O fato é que as relações de contradição e equivalência deste quadrado lógico da máxima não
se adequam às fórmulas de sexuação. Em 3 de março de 1972, em O saber do psicanalista,
Lacan diz que elas não são de forma alguma traduzíveis em termos da lógica das proposições,
que não se trata de fazer de um a negação do outro, mas sim o obstáculo ao outro. A relação
entre o todo e o não-todo não é de contradição mas de "obstáculo", tal como nada no lado
direito contradiz a exigência que Lacan diz ser "desesperada" pelo "l’hommoinzin8" que existe
no lado esquerdo, pois se a suspensão da função fálica pode dar alguma esperança de que haja
alguma chance de relação sexual com aquele que assim escaparia à castração, o desespero é
que não há ninguém em frente, à direita, para fazer uma relação com ele, o lugar de A mulher
que lhe responderia permanece desesperadamente vazio.

No entanto, Lacan construiu o seu próprio quadrado lógico de sexuação.
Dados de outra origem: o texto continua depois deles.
(* Consider robust dynamic pricing with feedback corrupted in at most $C$ rounds ($C$ known). The meta-algorithm described in the context, with the commitment subroutine \textsc{CommitKnown}, guarantees \[ \sum_{\ell\in\mathcal L}R(\ell)\le 2N_{\textsc{F}}+6C+3. \]
   Context: Robust dynamic pricing: there are $T$ rounds and an unknown valuation $v^\star\in[0,1)$. At each round $t$ the seller posts a price $p_t\in[0,1]$. The true sale indicator is $y_t=\mathbbm 1\{p_t\le v^\star\}$; the seller observes $\sigma_t\in\{0,1\}$, and at most $C$ rounds are corrupted: $|\{t\in[T]:\sigma_t\neq y_t\}|\le C$. Meta-algorithm: let $D=\lceil\log_2 T\rceil$. Consider the complete binary tree of intervals of depth $D$ with root $[0,1)$, where each non-leaf node $[L,R)$ has children $[L,M)$ and $[M,R)$, $M=(L+R)/2$; the depth-$D$ nodes are the leaves, forming the set $\mathcal L$ (each of length at most $1/T$), and $\ell^\star$ is the unique leaf containing $v^\star$. The algorithm keeps a current node $I$, initially the root, and repeats until the horizon ends: if $I=[L,R)$ is not a leaf, it performs a safety check — post $L$ and observe $\sigma_L$, post $R$ and observe $\sigma_R$; the check fails if $\sigma_L=0$ or $\sigma_R=1$ (by convention the query at $L=0$ and the query at $R=1$ always count as passing). On failure $I$ becomes its parent; otherwise it posts $M$, observes $\sigma_M$, and $I$ becomes $[M,R)$ if $\sigma_M=1$ and $[L,M)$ if $\sigma_M=0$. If $I$ is a leaf, the commitment subroutine is run on $I$; if it returns FAIL, $I$ becomes its parent. \textsc{CommitKnown}: each leaf $\ell$ has a counter $s_\ell$, initialized to $0$ at the start of the horizon and shared across all calls. On leaf $\ell=[L,R)$ it repeats: if $s_\ell\le C$, post $L$ and observe $\sigma_L$, post $R$ and observe $\sigma_R$; if $\sigma_L=0$ or $\sigma_R=1$, return FAIL, else increase $s_\ell$ by $1$. If $s_\ell>C$, post $L$ (and continue doing so). For a leaf $\ell$, $Q(\ell)$ is the set of rounds during which the commitment subroutine runs on $\ell$, and $R(\ell)=\sum_{t\in Q(\ell)}(v^\star-p_t\mathbbm 1\{p_t\le v^\star\})$. $N_{\textsc{F}}$ is the number of times the commitment subroutine returns FAIL on a leaf different from $\ell^\star$. *)

theory Defs
  imports Complex_Main
begin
A única relação de
contradição que ele então mantém é a que existe entre o tudo e a exceção. Entre o "não-todo"
e o "não há exceção" não há contradição, mas uma indecidibilidade. E entre o todo e o não-
todo existe uma lacuna. Lacan a apresenta no final do O saber do psicanalista, em 1 de junho
de 1972. Se trata mais precisamente de um gráfico formado por quatro linhas retas que se
cruzam em forma de losango e que as setas se ligam de acordo com uma sequência em que,
um pouco como a amarelinha9, a gente move a pedra da função fálica de 1 a 8, estando cada
quantificador associado a uma das quatro modalidades onticas do necessário, do possível, do
contingente e do impossível.

8
L’hommoizin faz equívoco sonoro com “au moins un” que significa pelo menos um.
9
Jogo infantil o qual crianças desenham no chão quadrados numerados e depois jogam uma pedra nos números
específicos para irem avançando até o topo, ou número mais alto.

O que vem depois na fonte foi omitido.